PyGBQ generates one or many temporary tables that are merged into the target table. During the merge *all* the columns of the target table are updated.
Here's how it looks like:
1. Split `data` into batches.
2. For every batch create `mydataset.mytable_tmp_SOMERANDOMPOSTFIX`, put it inside and run
```sql
MERGE myproject.mydataset.mytable T
USING myproject.mydataset.mytable_tmp_SOMERANDOMPOSTFIX S
ON T.column1 = S.column1 AND T.column2 = S.column2
WHEN NOT MATCHED THEN
	INSERT ROW
WHEN MATCHED THEN
	UPDATE SET
column1 = S.column1,
column2 = S.column2,
column3 = S.column3,
column4 = S.column4
...
```

### how='replace'

1. Creates a table `mydataset.mytable` with schema automatically generated by `bigquery-schema-generator`.
2. Splits data into batches and inserts it to `mydataset.mytable`.

### how='fail'

Identical to `how='replace'` except that it fails if `mydataset.mytable` exists. 

### how='insert'

Splits data into batches and inserts (appends) it to `mydataset.mytable`.

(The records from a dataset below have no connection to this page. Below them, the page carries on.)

(* Let $k$ be a finite field of odd characteristic and $b:V\times V\to W$ a non-degenerate Hermitian $k$-bilinear map which is $\perp$-indecomposable. Then for every $x\in\operatorname{Adj}(b)$ the element $x+x^*$ is either invertible or nilpotent. In particular every $x\in\operatorname{Sym}(b)$ is invertible or nilpotent.
   Context: $b$ is Hermitian if $W=b(V,V)$ and $b(u,v)=b(v,u)\theta$ for some $\theta\in\mathrm{GL}(W)$; non-degenerate if $b(u,V)=0=b(V,u)$ implies $u=0$. $\operatorname{Adj}(b)$ is the set of $f\in\operatorname{End}V$ with an (unique) adjoint $f^*\in\operatorname{End}V$ satisfying $b(uf,v)=b(u,vf^* )$ for all $u,v$; $\operatorname{Sym}(b)=\{f\in\operatorname{End}V: b(uf,v)=b(u,vf)\ \forall u,v\}$. $b$ is $\perp$-indecomposable if there is no set $\mathcal{X}\neq\{V\}$ of subspaces, pairwise $b$-orthogonal, generating $V$ with no proper subset generating $V$. *)

theory Defs
  imports Complex_Main
begin

text \<open>V is a k-vector space given by a type 'v with scalar multiplication sV,
 W likewise ('w, sW). Endomorphisms act as functions; the paper's right action
 u f is written f u.\<close>

definition k_bilinear ::
  "('k::field \<Rightarrow> 'v::ab_group_add \<Rightarrow> 'v) \<Rightarrow> ('k \<Rightarrow> 'w::ab_group_add \<Rightarrow> 'w)
   \<Rightarrow> ('v \<Rightarrow> 'v \<Rightarrow> 'w) \<Rightarrow> bool" where
  "k_bilinear sV sW b \<longleftrightarrow>
     (\<forall>u. Vector_Spaces.linear sV sW (\<lambda>v. b u v)) \<and>
     (\<forall>v. Vector_Spaces.linear sV sW (\<lambda>u. b u v))"

definition hermitian ::
  "('k::field \<Rightarrow> 'v::ab_group_add \<Rightarrow> 'v) \<Rightarrow> ('k \<Rightarrow> 'w::ab_group_add \<Rightarrow> 'w)
   \<Rightarrow> ('v \<Rightarrow> 'v \<Rightarrow> 'w) \<Rightarrow> bool" where
  "hermitian sV sW b \<longleftrightarrow>
     module.span sW {b u v | u v. True} = UNIV \<and>
     (\<exists>\<theta>. Vector_Spaces.linear sW sW \<theta> \<and> bij \<theta> \<and> (\<forall>u v. b u v = \<theta> (b v u)))"

definition nondegenerate :: "('v::zero \<Rightarrow> 'v \<Rightarrow> 'w::zero) \<Rightarrow> bool" where
  "nondegenerate b \<longleftrightarrow> (\<forall>u. (\<forall>v. b u v = 0) \<and> (\<forall>v. b v u = 0) \<longrightarrow> u = 0)"

definition b_orthogonal :: "('v \<Rightarrow> 'v \<Rightarrow> 'w::zero) \<Rightarrow> 'v set \<Rightarrow> 'v set \<Rightarrow> bool" where
  "b_orthogonal b X Y \<longleftrightarrow> (\<forall>x\<in>X. \<forall>y\<in>Y. b x y = 0 \<and> b y x = 0)"

definition perp_indecomposable ::
  "('k::field \<Rightarrow> 'v::ab_group_add \<Rightarrow> 'v) \<Rightarrow> ('v \<Rightarrow> 'v \<Rightarrow> 'w::zero) \<Rightarrow> bool" where
  "perp_indecomposable sV b \<longleftrightarrow>
     \<not> (\<exists>XX :: 'v set set.
          XX \<noteq> {UNIV} \<and>
          (\<forall>X\<in>XX. module.subspace sV X) \<and>
          (\<forall>X\<in>XX. \<forall>Y\<in>XX. X \<noteq> Y \<longrightarrow> b_orthogonal b X Y) \<and>
          module.span sV (\<Union>XX) = UNIV \<and>
          (\<forall>YY. YY \<subset> XX \<longrightarrow> module.span sV (\<Union>YY) \<noteq> UNIV))"

definition is_adjoint ::
  "('k::field \<Rightarrow> 'v::ab_group_add \<Rightarrow> 'v) \<Rightarrow> ('v \<Rightarrow> 'v \<Rightarrow> 'w) \<Rightarrow> ('v \<Rightarrow> 'v) \<Rightarrow> ('v \<Rightarrow> 'v) \<Rightarrow> bool" where
  "is_adjoint sV b f g \<longleftrightarrow> Vector_Spaces.linear sV sV g \<and> (\<forall>u v. b (f u) v = b u (g v))"

definition Adj ::
  "('k::field \<Rightarrow> 'v::ab_group_add \<Rightarrow> 'v) \<Rightarrow> ('v \<Rightarrow> 'v \<Rightarrow> 'w) \<Rightarrow> ('v \<Rightarrow> 'v) set" where
  "Adj sV b = {f. Vector_Spaces.linear sV sV f \<and> (\<exists>g. is_adjoint sV b f g)}"

definition adjoint ::
  "('k::field \<Rightarrow> 'v::ab_group_add \<Rightarrow> 'v) \<Rightarrow> ('v \<Rightarrow> 'v \<Rightarrow> 'w) \<Rightarrow> ('v \<Rightarrow> 'v) \<Rightarrow> ('v \<Rightarrow> 'v)" where
  "adjoint sV b f = (THE g. is_adjoint sV b f g)"

definition Sym ::
  "('k::field \<Rightarrow> 'v::ab_group_add \<Rightarrow> 'v) \<Rightarrow> ('v \<Rightarrow> 'v \<Rightarrow> 'w) \<Rightarrow> ('v \<Rightarrow> 'v) set" where
  "Sym sV b = {f. Vector_Spaces.linear sV sV f \<and> (\<forall>u v. b (f u) v = b u (f v))}"

definition invertible_or_nilpotent :: "('v \<Rightarrow> 'v::zero) \<Rightarrow> bool" where
  "invertible_or_nilpotent f \<longleftrightarrow> bij f \<or> (\<exists>n. (f ^^ n) = (\<lambda>_. 0))"

end

theory Submission
  imports Defs
begin

text \<open>Since V is finite, some power f = x^N of an endomorphism x is idempotent, so
  V = ker f + im f with ker f \<inter> im f = 0 (Fitting decomposition). If x is symmetric for b,
  so is f, and then ker f and im f are b-orthogonal. By \<open>\<perp>\<close>-indecomposability one of them
  is all of V: either x^N = 0, or x^N = id and x is invertible. For x \<in> Adj(b), the
  Hermitian symmetry of b makes x + x* symmetric.\<close>

lemma funpow_eventually_periodic:
  fixes s :: "'a \<Rightarrow> 'a"
  assumes "s ^^ m = s ^^ (m + p)" and "m \<le> n"
  shows "s ^^ (n + q * p) = s ^^ n"
proof (induction q)
  case 0
  then show ?case by simp
next
  case (Suc q)
  have "s ^^ (n + Suc q * p) = s ^^ (n + q * p - m) \<circ> s ^^ (m + p)"
    using assms(2) by (simp flip: funpow_add add: algebra_simps)
  also have "\<dots> = s ^^ (n + q * p - m) \<circ> s ^^ m"
    using assms(1) by simp
  also have "\<dots> = s ^^ (n + q * p)"
    using assms(2) by (simp flip: funpow_add)
  finally show ?case using Suc by simp
qed

lemma finite_funpow_idempotent:
  fixes s :: "'a \<Rightarrow> 'a"
  assumes "finite (UNIV :: 'a set)"
  obtains N where "N > 0" and "s ^^ N \<circ> s ^^ N = s ^^ N"
proof -
  have "finite (UNIV :: ('a \<Rightarrow> 'a) set)"
    using finite_set_of_finite_funs[OF assms assms] by simp
  then have "\<not> inj (\<lambda>n::nat. s ^^ n)"
    using finite_imageD finite_subset infinite_UNIV_nat subset_UNIV by blast
  then obtain m n where "m < n" and "s ^^ m = s ^^ n"
    unfolding inj_def by (metis linorder_neqE_nat)
  then obtain p where "p > 0" and period: "s ^^ m = s ^^ (m + p)"
    by (metis less_imp_add_positive)
  define N where "N = (m + 1) * p"
  have "(m + 1) * 1 \<le> N"
    using \<open>p > 0\<close> unfolding N_def by (intro mult_le_mono2) simp
  then have "m < N" by simp
  then have "s ^^ (N + N) = s ^^ N"
    using funpow_eventually_periodic[OF period, of N "m + 1"] unfolding N_def by simp
  then show thesis
    using that[of N] \<open>m < N\<close> by (simp add: funpow_add)
qed

lemma funpow_symmetric:
  assumes "\<And>u v. b (f u) v = b u (f v)"
  shows "b ((f ^^ n) u) v = b u ((f ^^ n) v)"
  by (induction n arbitrary: u v) (simp_all add: assms funpow_swap1)

lemma b_orthogonal_commute: "b_orthogonal b X Y \<longleftrightarrow> b_orthogonal b Y X"
  unfolding b_orthogonal_def by blast

context vector_space
begin

lemma perp_indecomposable_orthogonal_summands:
  assumes "perp_indecomposable scale b"
    and "subspace K" and "subspace R"
    and "b_orthogonal b K R"
    and "span (K \<union> R) = UNIV"
  shows "K = UNIV \<or> R = UNIV"
proof (rule ccontr)
  assume "\<not> (K = UNIV \<or> R = UNIV)"
  then have K: "K \<noteq> UNIV" and R: "R \<noteq> UNIV"
    by simp_all
  have span_K: "span K = K" and span_R: "span R = R"
    using assms(2,3) by (simp_all only: span_eq_iff)
  have "K \<noteq> R"
  proof
    assume "K = R"
    then have "span (K \<union> R) = K"
      using span_K by simp
    then show False
      using K assms(5) by simp
  qed
  have "span {} \<subseteq> K"
    using span_minimal[of "{}" K] assms(2) by simp
  then have "span {} \<noteq> UNIV"
    using K top.extremum_uniqueI by blast
  have "\<exists>XX. XX \<noteq> {UNIV} \<and> (\<forall>X\<in>XX. subspace X) \<and>
      (\<forall>X\<in>XX. \<forall>Y\<in>XX. X \<noteq> Y \<longrightarrow> b_orthogonal b X Y) \<and>
      span (\<Union>XX) = UNIV \<and> (\<forall>YY. YY \<subset> XX \<longrightarrow> span (\<Union>YY) \<noteq> UNIV)"
  proof (intro exI[of _ "{K, R}"] conjI ballI allI impI)
    show "{K, R} \<noteq> {UNIV}"
      using K by blast
    show "subspace X" if "X \<in> {K, R}" for X
      using that assms(2,3) by blast
    show "b_orthogonal b X Y" if "X \<in> {K, R}" "Y \<in> {K, R}" "X \<noteq> Y" for X Y
      using that assms(4) b_orthogonal_commute by blast
    show "span (\<Union>{K, R}) = UNIV"
      using assms(5) by simp
    fix YY
    assume "YY \<subset> {K, R}"
    then have "YY = {} \<or> YY = {K} \<or> YY = {R}"
      by auto
    then show "span (\<Union>YY) \<noteq> UNIV"
      using K R span_K span_R \<open>span {} \<noteq> UNIV\<close> by (elim disjE) (simp_all del: span_eq_iff)
  qed
  then show False
    using assms(1) unfolding perp_indecomposable_def by blast
qed

lemma symmetric_idempotent_zero_or_id:
  assumes "perp_indecomposable scale b" and "Vector_Spaces.linear scale scale f"
    and idem: "f \<circ> f = f" and sym: "\<And>u v. b (f u) v = b u (f v)"
    and "\<And>u. b u 0 = 0" and "\<And>u. b 0 u = 0"
  shows "f = (\<lambda>_. 0) \<or> f = id"
proof -
  interpret f: Vector_Spaces.linear scale scale f by fact
  let ?K = "{v. f v = 0}" and ?R = "range f"
  have idem': "f (f v) = f v" for v
    using idem by (metis comp_apply)
  have "v \<in> span (?K \<union> ?R)" for v
  proof -
    have "v - f v \<in> ?K" and "f v \<in> ?R"
      by (simp_all add: f.diff idem')
    then have "(v - f v) + f v \<in> span (?K \<union> ?R)"
      by (meson UnI1 UnI2 span_add span_base)
    then show ?thesis by simp
  qed
  then have "span (?K \<union> ?R) = UNIV"
    by blast
  moreover have "b_orthogonal b ?K ?R"
    unfolding b_orthogonal_def
  proof safe
    fix u v
    assume "f u = 0"
    then show "b u (f v) = 0" and "b (f v) u = 0"
      using sym[of u v] sym[of v u] assms(5,6) by simp_all
  qed
  ultimately have "?K = UNIV \<or> ?R = UNIV"
    using perp_indecomposable_orthogonal_summands[OF assms(1) f.subspace_kernel
        f.subspace_image[OF subspace_UNIV]] by blast
  then show ?thesis
  proof
    assume "?K = UNIV"
    then show ?thesis by auto
  next
    assume "?R = UNIV"
    then have "f v = v" for v
      by (metis UNIV_I idem' imageE)
    then show ?thesis by auto
  qed
qed

lemma linear_funpow:
  assumes "Vector_Spaces.linear scale scale f"
  shows "Vector_Spaces.linear scale scale (f ^^ n)"
proof (induction n)
  case 0
  then show ?case using linear_id by (simp add: id_def)
next
  case (Suc n)
  then show ?case
    unfolding funpow.simps(2) by (rule Vector_Spaces.linear_compose[OF _ assms])
qed

lemma Sym_invertible_or_nilpotent:
  assumes "finite (UNIV :: 'b set)" and "perp_indecomposable scale b"
    and "x \<in> Sym scale b" and "\<And>u. b u 0 = 0" and "\<And>u. b 0 u = 0"
  shows "invertible_or_nilpotent x"
proof -
  have lin: "Vector_Spaces.linear scale scale x" and sym: "\<And>u v. b (x u) v = b u (x v)"
    using assms(3) unfolding Sym_def by auto
  obtain N where "N > 0" and idem: "x ^^ N \<circ> x ^^ N = x ^^ N"
    using finite_funpow_idempotent[OF assms(1)] .
  have "x ^^ N = (\<lambda>_. 0) \<or> x ^^ N = id"
    using symmetric_idempotent_zero_or_id[OF assms(2) linear_funpow[OF lin] idem
        funpow_symmetric[of b x, OF sym] assms(4,5)] .
  then show ?thesis
  proof
    assume "x ^^ N = (\<lambda>_. 0)"
    then show ?thesis
      unfolding invertible_or_nilpotent_def by blast
  next
    assume "x ^^ N = id"
    then have "x ^^ (N - 1) \<circ> x = id" and "x \<circ> x ^^ (N - 1) = id"
      using \<open>N > 0\<close> by (simp_all flip: funpow_Suc_right funpow.simps(2))
    then show ?thesis
      unfolding invertible_or_nilpotent_def by (blast intro: o_bij)
  qed
qed

end

lemma k_bilinear_zero:
  assumes "k_bilinear sV sW b"
  shows "b u 0 = 0" and "b 0 u = 0"
  using assms module_hom.zero[OF module_hom_linearI]
  unfolding k_bilinear_def by blast+

lemma hermitian_nondegenerate_radical:
  assumes "hermitian sV sW b" and "nondegenerate b" and "\<And>u. b u w = 0"
  shows "w = 0"
proof -
  obtain \<theta> where lin: "Vector_Spaces.linear sW sW \<theta>" and \<theta>: "\<And>u v. b u v = \<theta> (b v u)"
    using assms(1) unfolding hermitian_def by blast
  have "\<theta> 0 = 0"
    using module_hom.zero[OF module_hom_linearI[OF lin]] .
  then have "b w u = 0" for u
    using \<theta>[of w u] assms(3) by simp
  then show ?thesis
    using assms(2,3) unfolding nondegenerate_def by blast
qed

lemma adjoint_eqI:
  assumes "k_bilinear sV sW b" and "hermitian sV sW b" and "nondegenerate b"
    and "is_adjoint sV b f g"
  shows "adjoint sV b f = g"
  unfolding adjoint_def
proof (rule the_equality)
  show "is_adjoint sV b f g" by fact
  fix g'
  assume g': "is_adjoint sV b f g'"
  show "g' = g"
  proof
    fix v
    have "b u (g' v - g v) = 0" for u
    proof -
      have "module_hom sV sW (b u)"
        using assms(1) module_hom_linearI unfolding k_bilinear_def by blast
      then have "b u (g' v - g v) = b u (g' v) - b u (g v)"
        by (rule module_hom.diff)
      also have "\<dots> = 0"
        using g' assms(4) unfolding is_adjoint_def by simp
      finally show ?thesis .
    qed
    then show "g' v = g v"
      using hermitian_nondegenerate_radical[OF assms(2,3)] by fastforce
  qed
qed

lemma Adj_add_adjoint_in_Sym:
  assumes "k_bilinear sV sW b" and "hermitian sV sW b" and "nondegenerate b"
    and "x \<in> Adj sV b"
  shows "(\<lambda>v. x v + adjoint sV b x v) \<in> Sym sV b"
proof -
  obtain g where lin_x: "Vector_Spaces.linear sV sV x" and g: "is_adjoint sV b x g"
    using assms(4) unfolding Adj_def by blast
  have lin_g: "Vector_Spaces.linear sV sV g" and x_g: "\<And>u v. b (x u) v = b u (g v)"
    using g unfolding is_adjoint_def by auto
  obtain \<theta> where \<theta>: "\<And>u v. b u v = \<theta> (b v u)"
    using assms(2) unfolding hermitian_def by blast
  have g_x: "b (g u) v = b u (x v)" for u v
    \<comment> \<open>the Hermitian symmetry \<open>\<theta>\<close> moves the adjoint identity to the other argument\<close>
    using \<theta>[of "g u" v] \<theta>[of u "x v"] x_g[of v u] by simp
  have "vector_space_pair sV sV"
    using lin_x unfolding vector_space_pair_def Vector_Spaces.linear_iff by blast
  then have "Vector_Spaces.linear sV sV (\<lambda>v. x v + g v)"
    using lin_x lin_g by (rule vector_space_pair.linear_compose_add)
  moreover have "b (x u + g u) v = b u (x v + g v)" for u v
  proof -
    have left: "module_hom sV sW (\<lambda>u. b u v)" and right: "module_hom sV sW (b u)"
      using assms(1) module_hom_linearI unfolding k_bilinear_def by blast+
    have "b (x u + g u) v = b (x u) v + b (g u) v"
      using module_hom.add[OF left] by simp
    also have "\<dots> = b u (x v) + b u (g v)"
      using x_g g_x by (simp add: add.commute)
    also have "\<dots> = b u (x v + g v)"
      using module_hom.add[OF right] by simp
    finally show ?thesis .
  qed
  ultimately show ?thesis
    unfolding Sym_def adjoint_eqI[OF assms(1-3) g] by blast
qed

theorem lemma4p33:
  fixes sV :: "'k::field \<Rightarrow> 'v::ab_group_add \<Rightarrow> 'v"
    and sW :: "'k \<Rightarrow> 'w::ab_group_add \<Rightarrow> 'w"
    and b :: "'v \<Rightarrow> 'v \<Rightarrow> 'w"
  assumes "finite (UNIV :: 'k set)"
    and "odd CHAR('k)"
    and "vector_space sV" and "vector_space sW"
    and "finite (UNIV :: 'v set)"
    and "k_bilinear sV sW b"
    and "hermitian sV sW b"
    and "nondegenerate b"
    and "perp_indecomposable sV b"
  shows "(\<forall>x\<in>Adj sV b. invertible_or_nilpotent (\<lambda>v. x v + adjoint sV b x v))
       \<and> (\<forall>x\<in>Sym sV b. invertible_or_nilpotent x)"
proof -
  have "invertible_or_nilpotent x" if "x \<in> Sym sV b" for x
    using vector_space.Sym_invertible_or_nilpotent[OF assms(3,5,9) that]
      k_bilinear_zero[OF assms(6)] by blast
  then show ?thesis
    using Adj_add_adjoint_in_Sym[OF assms(6-8)] by blast
qed

end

For more details look at [Documentation](#documentation) section.


## Documentation

Here's the documentation with default parameters.


### Client

#### init

```python
from pygbq import Client
client = Client(default_dataset=None, path_to_key=None)
```

Initalizes a client. You can specify:

* `default_dataset` - (str) default dataset that the `client` will be using to reference tables
* `path_to_key` - (str) By default PyGQB uses `from google.auth import default` to get credentials, but you can specify this parameter if you wish to use `from google.auth import load_credentials_from_file` instead.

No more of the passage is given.